It’s a Wall Street club that’s virtually unknown on Wall Street. It has no name or official membership list, and it meets only once a year, in locations such as Switzerland’s Lake Lucerne, Connecticut’s Litchfield County, and, this year, Versailles. 

The attendees are top in-house lawyers for some of the world’s most powerful banks — people who sit at the table for decisions that can shape multibillion-dollar litigation tabs for the likes of Barclays Plc, Citigroup Inc., Goldman Sachs Group Inc., Deutsche Bank AG and JPMorgan Chase & Co.

Trianon Palace Versailles
Trianon Palace Versailles
Source: Waldorf Astoria

For this year’s meeting, in late May, the lawyers descended on Trianon Palace Versailles, a luxury hotel less than two kilometers from the palace of Louis XIV and adjacent to the royal park. 

The gatherings, which were described by several people familiar with them who asked not to be identified, tend to feature discussions of nuts-and-bolts issues such as managing relationships with the board and whether compliance personnel should receive stock incentives.

Sticking Together

This year, according to two of the people, some attendees arrived at the marble and gilded hotel primed to focus on a common scourge: class-action lawyers who seek billions of dollars from top banks for alleged market manipulations and related bad behavior. Eric Grossman, chief legal officer at Morgan Stanley, implored his confederates to hang together and resist the temptation to settle quickly.

Months before, Citigroup Inc.’s general counsel, Rohan Weerasinghe, had made a decision that essentially forced several of the world’s biggest banks to pay a total of $1.9 billion to settle a class action over credit-default swaps. Investors, including the Los Angeles County Employees Retirement Association, claimed the banks had worked together to limit competition in the market, allowing them to earn extra profits. 

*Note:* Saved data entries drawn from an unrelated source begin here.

lemma line_graph_edges_eq_sum_choose:
  assumes "simple_graph E" "finite W" "verts E \<subseteq> W"
  shows "line_graph_edges E = (\<Sum>v\<in>W. degree E v choose 2)"
proof -
  define P where "P v = {X. X \<subseteq> {e\<in>E. v \<in> e} \<and> card X = 2}" for v
  have pairs_eq: "{{e1, e2} | e1 e2. e1 \<in> E \<and> e2 \<in> E \<and> e1 \<noteq> e2 \<and> e1 \<inter> e2 \<noteq> {}} = (\<Union>v\<in>W. P v)"
  proof (intro set_eqI iffI)
    fix X assume "X \<in> {{e1, e2} | e1 e2. e1 \<in> E \<and> e2 \<in> E \<and> e1 \<noteq> e2 \<and> e1 \<inter> e2 \<noteq> {}}"
    then obtain e1 e2 v where X: "X = {e1, e2}" "e1 \<in> E" "e2 \<in> E" "e1 \<noteq> e2" "v \<in> e1" "v \<in> e2"
      by blast
    then have "v \<in> W" using assms(3) by (auto simp: verts_def)
    with X show "X \<in> (\<Union>v\<in>W. P v)" by (auto simp: P_def)
  next
    fix X assume "X \<in> (\<Union>v\<in>W. P v)"
    then obtain v where "X \<subseteq> {e\<in>E. v \<in> e}" "card X = 2" by (auto simp: P_def)
    moreover from \<open>card X = 2\<close> obtain e1 e2 where "X = {e1, e2}" "e1 \<noteq> e2"
      unfolding card_2_iff by blast
    ultimately show "X \<in> {{e1, e2} | e1 e2. e1 \<in> E \<and> e2 \<in> E \<and> e1 \<noteq> e2 \<and> e1 \<inter> e2 \<noteq> {}}"
      by blast
  qed
  have P_disjoint: "P v \<inter> P w = {}" if "v \<noteq> w" for v w
  proof (rule ccontr)
    assume "P v \<inter> P w \<noteq> {}"
    then obtain X where "X \<subseteq> {e\<in>E. v \<in> e \<and> w \<in> e}" "card X = 2"
      unfolding P_def by blast
    moreover have "finite {e\<in>E. v \<in> e \<and> w \<in> e}" using simple_graph_finite[OF assms(1)] by simp
    ultimately have "2 \<le> card {e\<in>E. v \<in> e \<and> w \<in> e}" by (metis card_mono)
    then show False using card_edges_joining_le_1[OF assms(1) \<open>v \<noteq> w\<close>] by simp
  qed
  have card_P: "card (P v) = degree E v choose 2" for v
    unfolding P_def degree_def by (rule n_subsets) (use simple_graph_finite[OF assms(1)] in simp)
  have "line_graph_edges E = card (\<Union>v\<in>W. P v)" unfolding line_graph_edges_def pairs_eq ..
  also have "\<dots> = (\<Sum>v\<in>W. card (P v))"
    by (rule card_UN_disjoint)
      (use assms(2) simple_graph_finite[OF assms(1)] P_disjoint in \<open>auto simp: P_def\<close>)
  finally show ?thesis by (simp add: card_P)
qed

lemma two_line_graph_edges_eq_sum:
  assumes "simple_graph E" "finite W" "verts E \<subseteq> W"
  shows "2 * line_graph_edges E = (\<Sum>v\<in>W. degree E v * (degree E v - 1))"
  using line_graph_edges_eq_sum_choose[OF assms] by (simp add: sum_distrib_left two_times_choose_two)

lemma sum_degree_le_two_line_graph_edges:
  assumes "simple_graph E" "finite S"
  shows "(\<Sum>v\<in>S. degree E v * (degree E v - 1)) \<le> 2 * line_graph_edges E"
proof -
  have "finite (S \<union> verts E)" using assms finite_verts by simp
  then have "(\<Sum>v\<in>S. degree E v * (degree E v - 1)) \<le> (\<Sum>v\<in>S \<union> verts E. degree E v * (degree E v - 1))"
    by (rule sum_mono2) auto
  also have "\<dots> = 2 * line_graph_edges E"
    using two_line_graph_edges_eq_sum[OF assms(1) \<open>finite (S \<union> verts E)\<close>] by simp
  finally show ?thesis .
qed

lemma line_graph_edges_le_choose:
  assumes "simple_graph E"
  shows "line_graph_edges E \<le> card E choose 2"
proof -
  have "{{e1, e2} | e1 e2. e1 \<in> E \<and> e2 \<in> E \<and> e1 \<noteq> e2 \<and> e1 \<inter> e2 \<noteq> {}}
      \<subseteq> {X. X \<subseteq> E \<and> card X = 2}"
    by (auto simp: card_insert_if)
  then have "line_graph_edges E \<le> card {X. X \<subseteq> E \<and> card X = 2}"
    unfolding line_graph_edges_def by (rule card_mono[rotated]) (simp add: simple_graph_finite[OF assms])
  also have "\<dots> = card E choose 2" by (rule n_subsets[OF simple_graph_finite[OF assms]])
  finally show ?thesis .
qed

lemma degree_le_max_degree:
  assumes "simple_graph E"
  shows "degree E v \<le> max_degree E"
proof (cases "v \<in> verts E")
  case True
  then show ?thesis unfolding max_degree_def by (simp add: finite_verts[OF assms])
next
  case False
  then have "degree E v = 0" using in_verts_if_degree_pos by blast
  then show ?thesis by simp
qed

lemma max_degree_attained:
  assumes "simple_graph E" "E \<noteq> {}"
  obtains v where "degree E v = max_degree E"
proof -
  have "max_degree E \<in> degree E ` verts E"
    unfolding max_degree_def using finite_verts[OF assms(1)] verts_nonempty[OF assms] by simp
  then show ?thesis using that by (metis imageE)
qed

lemma max_degree_eqI:
  assumes "simple_graph E" "degree E v = D" "0 < D" "\<And>w. degree E w \<le> D"
  shows "max_degree E = D"
  unfolding max_degree_def
proof (rule Max_eqI)
  show "D \<in> degree E ` verts E" using assms(2,3) in_verts_if_degree_pos by blast
qed (use assms finite_verts in auto)

lemma min_degree_ge_1:
  assumes "simple_graph E" "E \<noteq> {}"
  shows "1 \<le> min_degree E"
proof -
  have "min_degree E \<in> degree E ` verts E"
    unfolding min_degree_def using finite_verts[OF assms(1)] verts_nonempty[OF assms] by simp
  then obtain v where "v \<in> verts E" "min_degree E = degree E v" by blast
  moreover from \<open>v \<in> verts E\<close> have "0 < degree E v"
    using simple_graph_finite[OF assms(1)] by (auto simp: verts_def degree_def card_gt_0_iff)
  ultimately show ?thesis by simp
qed

definition admissible :: "nat \<Rightarrow> nat \<Rightarrow> nat set set \<Rightarrow> bool" where
  "admissible N D E \<longleftrightarrow> simple_graph E \<and> card E = N \<and> max_degree E = D \<and> min_degree E \<ge> 1"

lemma f_eq_Max: "f N D = Max {line_graph_edges E | E. admissible N D E}"
  unfolding f_def admissible_def ..

lemma finite_line_graph_edges_admissible: "finite {line_graph_edges E | E. admissible N D E}"
  by (rule finite_subset[of _ "{..N choose 2}"])
    (auto simp: admissible_def dest: line_graph_edges_le_choose)

lemma line_graph_edges_le_f: "admissible N D E \<Longrightarrow> line_graph_edges E \<le> f N D"
  unfolding f_eq_Max by (rule Max_ge[OF finite_line_graph_edges_admissible]) blast

lemma f_le:
  assumes "admissible N D E\<^sub>0" "\<And>E. admissible N D E \<Longrightarrow> line_graph_edges E \<le> c"
  shows "f N D \<le> c"
  unfolding f_eq_Max using assms
  by (subst Max_le_iff[OF finite_line_graph_edges_admissible]) auto

lemma off_hub_arith:
  fixes a b c :: nat
  assumes "a \<le> 1 + c" "c \<le> 1"
  shows "(a + b) * (a + b - 1) \<le> 2 * c + b * (b - 1) + 4 * b"
proof -
  from assms consider "a = 0" | "a = 1" | "a = 2" "c = 1" by linarith
  then show ?thesis by cases (cases b; simp add: algebra_simps)+
qed

lemma one_hub_arith:
  fixes k :: nat
  assumes "3 \<le> k"
  shows "k * (k - 1) + 2 * (4 * k - k) \<le> 2 * k\<^sup>2 + 6"
proof -
  obtain u where k: "k = u + 3" using assms by (metis add.commute le_Suc_ex)
  show ?thesis by (simp add: k power2_eq_square algebra_simps)
qed

lemma two_hub_arith:
  fixes k t s m :: nat
  assumes "4 \<le> t" "t \<le> k" "m \<le> 1" "s + t = k + m"
  shows "k * (k - 1) + t * (t - 1) + 2 * (t - m) + s * (s - 1) + 8 * s \<le> 2 * k\<^sup>2 + 6"
proof -
  obtain u j where t: "t = u + 4" and k: "k = u + 4 + j"
    using assms(1,2) by (metis add.commute le_Suc_ex)
  from assms(3,4) consider "m = 0" "s = j" | "m = 1" "s = j + 1"
    unfolding t k by linarith
  then show ?thesis
    by cases (simp_all add: t k power2_eq_square algebra_simps)
qed

lemma degree_off_two_hubs:
  assumes "simple_graph E" "v \<noteq> x" "v \<noteq> y"
  defines "B \<equiv> {e\<in>E. x \<notin> e \<and> y \<notin> e}"
  shows "degree E v * (degree E v - 1)
       \<le> 2 * degree {e\<in>E. y \<in> e} v + degree B v * (degree B v - 1) + 4 * degree B v"
proof -
  have fin: "finite E" using assms(1) by (rule simple_graph_finite)
  define A where "A = {e\<in>E. \<not> (x \<notin> e \<and> y \<notin> e)}"
  have split: "degree E v = degree B v + degree A v"
    unfolding A_def B_def by (rule degree_split[OF fin])
  have "{e\<in>A. v \<in> e} = {e\<in>{e\<in>E. x \<in> e}. v \<in> e} \<union> {e\<in>{e\<in>E. y \<in> e}. v \<in> e}"
    unfolding A_def by blast
  then have "degree A v \<le> degree {e\<in>E. x \<in> e} v + degree {e\<in>E. y \<in> e} v"
    unfolding degree_def by (simp only: card_Un_le)
  moreover have degree_hub_le_1: "degree {e\<in>E. z \<in> e} v \<le> 1" if "z \<noteq> v" for z
  proof -
    have "{e\<in>{e\<in>E. z \<in> e}. v \<in> e} = {e\<in>E. v \<in> e \<and> z \<in> e}" by blast
    then show ?thesis
      unfolding degree_def using card_edges_joining_le_1[OF assms(1) \<open>z \<noteq> v\<close>[symmetric]] by simp
  qed
  ultimately have "degree A v \<le> 1 + degree {e\<in>E. y \<in> e} v"
    using assms(2) by fastforce
  from off_hub_arith[OF this degree_hub_le_1] show ?thesis
    unfolding split add.commute[of "degree B v"] using assms(3) by simp
qed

When multiple banks are sued in a class action, it’s common for them to share information and coordinate their defenses. But after years of practice, class-action lawyers have figured out a way to fracture these alliances. They reach a settlement with one bank, then ratchet up pressure on the others. Each bank knows that the last to settle will probably pay the heftiest price. That’s because of a legal theory called joint and several liability, in which a company found in court to be even partially to blame can end up on the hook for all the damages. 

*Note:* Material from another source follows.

(* Let $G$ be a feasible graph. The election index of $G$, i.e. the minimum integer $r$ such that some deterministic algorithm, in which every node is given the port-labelled map of $G$, performs leader election in $G$ in time $r$, is equal to the smallest integer $\ell$ such that the augmented truncated views $\mathcal{B}^{\ell}(v)$ of all nodes $v$ of $G$ are pairwise distinct.
   Context: A graph is a simple undirected connected finite graph whose nodes have no identifiers; at each node $v$ of degree $d$ the incident edges carry distinct port numbers $0,\dots,d-1$ (port numbering is local: there is no relation between the two port numbers of an edge). The truncated view $\mathcal{V}^0(v)$ is a single node; $\mathcal{V}^{l+1}(v)$ is the port-labelled rooted tree whose root has, for every neighbour $v_i$ of $v$, a child $x_i$ such that the edge $\{x_0,x_i\}$ carries at $x_0$ the port number of $\{v,v_i\}$ at $v$ and at $x_i$ the port number of $\{v,v_i\}$ at $v_i$, and $x_i$ is the root of a copy of $\mathcal{V}^{l}(v_i)$. The view $\mathcal{V}(v)$ is the infinite tree whose truncation to depth $l$ is $\mathcal{V}^l(v)$ for every $l$. The augmented truncated view $\mathcal{B}^l(v)$ is $\mathcal{V}^l(v)$ with each leaf labelled by the degree in $G$ of the node it represents. A graph is feasible if the views $\mathcal{V}(v)$ of all its nodes are pairwise distinct. Communication model (LOCAL): computation proceeds in synchronous rounds, all nodes start simultaneously, and in each round every node exchanges arbitrary messages with all its neighbours and performs arbitrary local computation; the information a node $v$ obtains about the graph in $r$ rounds is exactly $\mathcal{B}^r(v)$. Leader election: every node $v$ must output a sequence $(p_1,q_1,\dots,p_k,q_k)$ of nonnegative integers such that there is a simple path starting at $v$ whose $i$-th edge has port $p_i$ at its endpoint closer to $v$ along the path and port $q_i$ at its other endpoint, and all these paths (over all nodes $v$) end at a common node, the leader. The time of an algorithm is the number of rounds until all nodes have output. *)

theory Defs
  imports Main
begin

In the swaps case, Citigroup broke first, agreeing in the summer of 2015 to pay $60 million. Others followed, with JPMorgan Chase & Co. settling last for $595 million. Looming over the banks was the possibility of an antitrust investigation of the swaps market by the European Union, which could have uncovered evidence that would then be available to the class-action plaintiffs. In the end, the EU closed its case, so the banks might have been better off waiting. 

Avoiding Criticism

Citigroup’s decision to settle highlighted the need for a conversation on the matter, according to the people familiar with the May meeting. Weerasinghe was there, but in keeping with the group’s collegial atmosphere, there was no direct criticism of him for deciding to cut a deal, the people familiar with the event say. 

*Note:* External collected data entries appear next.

(* Let $\mathcal{L}\subseteq\mathcal{L}_c$ be a class of latency functions and consider a parallel-link network with $n=2$ links, unit demand and $\ell_1,\ell_2\in\mathcal{L}$. Let $x^*$ be an optimal flow. If there is $i\in\{1,2\}$ with $x_i(0)>x^*_i$ and $x_i(0)\le\frac12$, then $$C(x(0))\le \frac{1}{1-\mu_1(\mathcal{L})/2}\,C(x^* ).$$
   Context: $\mathcal{L}_c$: strictly increasing, convex, continuously differentiable functions $\mathbb{R}_+\to\mathbb{R}_+$. Flows $x\in\mathbb{R}^2_+$ with $x_1+x_2=1$; $C(x)=\sum_i\ell_i(x_i)x_i$; $x^*$ minimizes $C$ over flows. $x(0)$ is the (untolled) Wardrop equilibrium: for all $i,j$ with $x_i>0$, $\ell_i(x_i)\le\ell_j(x_j)$. For $\ell\in\mathcal{L}$ define $\mu_1(\ell)=\sup_{x,x^*\ge0}\frac{(\ell(x)-\ell(x^* ))\,x^*}{\ell(x)\,x}$, and $\mu_1(\mathcal{L})=\sup_{\ell\in\mathcal{L}}\mu_1(\ell)$ (which lies in $[0,1]$). *)

theory Defs
  imports "HOL-Analysis.Analysis"
begin

definition Lc :: "(real \<Rightarrow> real) set" where
  "Lc = {l. strict_mono_on {0..} l \<and> convex_on {0..} l \<and> (\<forall>x\<ge>0. l x \<ge> 0) \<and>
          (\<exists>l'. continuous_on {0..} l' \<and>
                (\<forall>x\<ge>0. (l has_real_derivative l' x) (at x within {0..})))}"

definition mu1 :: "(real \<Rightarrow> real) \<Rightarrow> real" where
  "mu1 l = Sup {(l x - l xs) * xs / (l x * x) | x xs. x \<ge> 0 \<and> xs \<ge> 0}"

definition mu1_class :: "(real \<Rightarrow> real) set \<Rightarrow> real" where
  "mu1_class L = (SUP l\<in>L. mu1 l)"

definition is_flow :: "(nat \<Rightarrow> real) \<Rightarrow> bool" where
  "is_flow x \<longleftrightarrow> x 1 \<ge> 0 \<and> x 2 \<ge> 0 \<and> x 1 + x 2 = 1"

definition cost :: "(nat \<Rightarrow> real \<Rightarrow> real) \<Rightarrow> (nat \<Rightarrow> real) \<Rightarrow> real" where
  "cost l x = (\<Sum>i\<in>{1,2}. l i (x i) * x i)"

definition wardrop :: "(nat \<Rightarrow> real \<Rightarrow> real) \<Rightarrow> (nat \<Rightarrow> real) \<Rightarrow> bool" where
  "wardrop l x \<longleftrightarrow> is_flow x \<and>
     (\<forall>i\<in>{1,2}. \<forall>j\<in>{1,2::nat}. x i > 0 \<longrightarrow> l i (x i) \<le> l j (x j))"

definition optimal :: "(nat \<Rightarrow> real \<Rightarrow> real) \<Rightarrow> (nat \<Rightarrow> real) \<Rightarrow> bool" where
  "optimal l x \<longleftrightarrow> is_flow x \<and> (\<forall>y. is_flow y \<longrightarrow> cost l x \<le> cost l y)"

end

theory Submission
  imports Defs
begin

text \<open>At the equilibrium both links carry flow (the overloaded link \<open>i\<close> has \<open>x\<^sub>i(0) > x\<^sup>*\<^sub>i \<ge> 0\<close>
  and the other one at least \<open>1/2\<close>), so they share a common latency \<open>L\<close> and \<open>C(x(0)) = L\<close>.
  On link \<open>i\<close> the definition of \<open>\<mu>\<^sub>1\<close> gives
  \<open>\<ell>\<^sub>i(x\<^sup>*\<^sub>i) x\<^sup>*\<^sub>i \<ge> L x\<^sup>*\<^sub>i - \<mu>\<^sub>1 L x\<^sub>i(0) \<ge> L x\<^sup>*\<^sub>i - \<mu>\<^sub>1 L / 2\<close>, and on the other link,
  which the optimum loads more, monotonicity gives \<open>\<ell>\<^sub>j(x\<^sup>*\<^sub>j) x\<^sup>*\<^sub>j \<ge> L x\<^sup>*\<^sub>j\<close>.
  Adding up, \<open>C(x\<^sup>*) \<ge> (1 - \<mu>\<^sub>1/2) L\<close>.\<close>

lemma Lc_nonneg: "l \<in> Lc \<Longrightarrow> 0 \<le> x \<Longrightarrow> 0 \<le> l x"
  unfolding Lc_def by auto

lemma Lc_mono: "l \<in> Lc \<Longrightarrow> 0 \<le> x \<Longrightarrow> x \<le> y \<Longrightarrow> l x \<le> l y"
  unfolding Lc_def using strict_mono_on_leD by fastforce

lemma mu1_quotient_le_one:
  fixes l :: "real \<Rightarrow> real"
  assumes nonneg: "\<And>z. 0 \<le> z \<Longrightarrow> 0 \<le> l z" and mono: "mono_on {0..} l"
    and "0 \<le> x" "0 \<le> y"
  shows "(l x - l y) * y / (l x * x) \<le> 1"
proof -
  have "(l x - l y) * y \<le> l x * x"
  proof (cases "x \<le> y")
    case True
    then have "l x - l y \<le> 0" using mono_onD[OF mono, of x y] assms(3,4) by simp
    then show ?thesis using assms nonneg[of x] by (smt (verit) mult_nonneg_nonneg mult_nonpos_nonneg)
  next
    case False
    have "(l x - l y) * y \<le> l x * y" using nonneg[of y] assms(4) by (simp add: mult_right_mono)
    also have "\<dots> \<le> l x * x" using False nonneg[of x] assms(3) by (simp add: mult_left_mono)
    finally show ?thesis .
  qed
  then show ?thesis
    using nonneg[of x] assms(3) by (cases "l x * x = 0") (auto simp: divide_le_eq)
qed

lemma Lc_mu1_quotient_le_one:
  "l \<in> Lc \<Longrightarrow> 0 \<le> x \<Longrightarrow> 0 \<le> y \<Longrightarrow> (l x - l y) * y / (l x * x) \<le> 1"
  by (rule mu1_quotient_le_one) (auto simp: mono_on_def intro: Lc_nonneg Lc_mono)

lemma mu1_upper:
  assumes "l \<in> Lc" "0 \<le> x" "0 \<le> y"
  shows "(l x - l y) * y / (l x * x) \<le> mu1 l"
proof -
  have "bdd_above {(l x - l xs) * xs / (l x * x) | x xs. 0 \<le> x \<and> 0 \<le> xs}"
    using Lc_mu1_quotient_le_one[OF assms(1)] by (auto simp: bdd_above_def)
  then show ?thesis
    unfolding mu1_def by (rule cSup_upper[rotated]) (use assms(2,3) in blast)
qed

lemma mu1_le_one: "l \<in> Lc \<Longrightarrow> mu1 l \<le> 1"
  unfolding mu1_def by (rule cSup_least) (auto intro: Lc_mu1_quotient_le_one)

lemma mu1_nonneg: "l \<in> Lc \<Longrightarrow> 0 \<le> mu1 l"
  using mu1_upper[of l 1 1] by simp

lemma mu1_mult_bound:
  assumes "l \<in> Lc" "0 \<le> x" "0 \<le> y"
  shows "(l x - l y) * y \<le> mu1 l * (l x * x)"
proof (cases "l x * x = 0")
  case True
  have "l x \<le> l y"
  proof (cases "x \<le> y")
    case False
    then have "l x = 0" using True assms(3) by simp
    then show ?thesis using Lc_nonneg[OF assms(1,3)] by simp
  qed (use Lc_mono[OF assms(1,2)] in simp)
  then have "(l x - l y) * y \<le> 0" using assms(3) by (simp add: mult_nonpos_nonneg)
  then show ?thesis unfolding True by simp
next
  case False
  then have "0 < l x * x" using assms Lc_nonneg[of l x] by simp
  then show ?thesis using mu1_upper[OF assms] by (simp add: divide_le_eq mult.commute)
qed

lemma mu1_le_mu1_class: "L \<subseteq> Lc \<Longrightarrow> l \<in> L \<Longrightarrow> mu1 l \<le> mu1_class L"
  unfolding mu1_class_def
  by (rule cSUP_upper) (auto simp: bdd_above_def intro: mu1_le_one)

lemma mu1_class_le_one: "L \<subseteq> Lc \<Longrightarrow> L \<noteq> {} \<Longrightarrow> mu1_class L \<le> 1"
  unfolding mu1_class_def by (rule cSUP_least) (auto intro: mu1_le_one)

lemma two_link_equilibrium_bound:
  assumes la: "la \<in> Lc" and lb: "lb \<in> Lc"
    and flows: "as < a0" "0 \<le> as" "a0 \<le> 1/2" "a0 + b0 = 1" "as + bs = 1"
    and equal_latency: "la a0 = lb b0"
    and M: "mu1 la \<le> M" "M < 2"
  shows "la a0 * a0 + lb b0 * b0 \<le> 1 / (1 - M/2) * (la as * as + lb bs * bs)"
proof -
  define L where "L = la a0"
  have "0 \<le> L" using Lc_nonneg[OF la] flows L_def by simp
  have cost0: "la a0 * a0 + lb b0 * b0 = L"
    using equal_latency flows(4) L_def by (simp flip: distrib_left)
  have "L * as - la as * as \<le> mu1 la * (L * a0)"
    using mu1_mult_bound[OF la, of a0 as] flows L_def by (simp add: algebra_simps)
  also have "\<dots> \<le> M * (L / 2)"
    using M(1) mu1_nonneg[OF la] \<open>0 \<le> L\<close> mult_left_mono[of a0 "1/2" L] flows
    by (intro mult_mono) auto
  finally have link_a: "L * as - M * (L / 2) \<le> la as * as" by simp
  have "L \<le> lb bs"
    using Lc_mono[OF lb, of b0 bs] flows equal_latency L_def by simp
  then have link_b: "L * bs \<le> lb bs * bs" using flows by (simp add: mult_right_mono)
  have "L = L * as + L * bs" using flows(5) by (simp flip: distrib_left)
  then have "L * (1 - M/2) \<le> la as * as + lb bs * bs"
    using link_a link_b by (simp add: algebra_simps)
  then show ?thesis using cost0 M(2) by (simp add: field_simps)
qed

theorem mainTheorem10:
  fixes L :: "(real \<Rightarrow> real) set" and l :: "nat \<Rightarrow> real \<Rightarrow> real"
    and x0 xs :: "nat \<Rightarrow> real" and i :: nat
  assumes "L \<subseteq> Lc" and "l 1 \<in> L" and "l 2 \<in> L"
    and "wardrop l x0" and "optimal l xs"
    and "i \<in> {1,2}" and "x0 i > xs i" and "x0 i \<le> 1/2"
  shows "cost l x0 \<le> 1 / (1 - mu1_class L / 2) * cost l xs"
proof -
  have flows: "is_flow x0" "is_flow xs"
    using assms(4,5) unfolding wardrop_def optimal_def by simp_all
  have "l i \<in> L" using assms(2,3,6) by auto
  then have M: "mu1 (l i) \<le> mu1_class L" "mu1_class L < 2"
    using mu1_le_mu1_class[OF assms(1)] mu1_class_le_one[OF assms(1)] by fastforce+
  define j where "j = 3 - i"
  have ij: "{i, j} = {1, 2}" "j \<noteq> i" using assms(6) unfolding j_def by auto
  then have cost_ij: "cost l = (\<lambda>x. l i (x i) * x i + l j (x j) * x j)"
    unfolding cost_def by (auto simp: fun_eq_iff doubleton_eq_iff)
  have flow_ij: "x0 i + x0 j = 1" "xs i + xs j = 1" "0 \<le> xs i"
    using flows ij by (auto simp: is_flow_def doubleton_eq_iff)
  have "0 < x0 i" "0 < x0 j"
    using assms(7,8) flow_ij by linarith+
  then have "l i (x0 i) = l j (x0 j)"
    using assms(4) ij(1) unfolding wardrop_def by (metis insertI1 insertI2 order_antisym)
  moreover have "l i \<in> Lc" "l j \<in> Lc" using assms(1-3) ij(1) by (auto simp: doubleton_eq_iff)
  ultimately show ?thesis
    unfolding cost_ij using two_link_equilibrium_bound M flow_ij assms(7,8) by simp
qed

end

“They realize they are stronger when they stick together than when they splinter,” says Dan Brockett of Quinn Emanuel Urquhart & Sullivan, a lead plaintiffs’ attorney in the swaps case. “But each general counsel has a fiduciary duty. Each bank will act in its own interest.”

The annual gathering, whose existence hasn’t previously been reported, is the brainchild of lawyer Robert Mundheim. A general counsel for the U.S. Department of the Treasury in the 1970s, Mundheim went on to become a dean at the University of Pennsylvania Law School, then general counsel for the former Salomon Smith Barney in the 1990s. He’s now with the firm Shearman & Sterling and has been hired by independent directors of Wells Fargo to investigate the bank’s retail sales practices and other matters.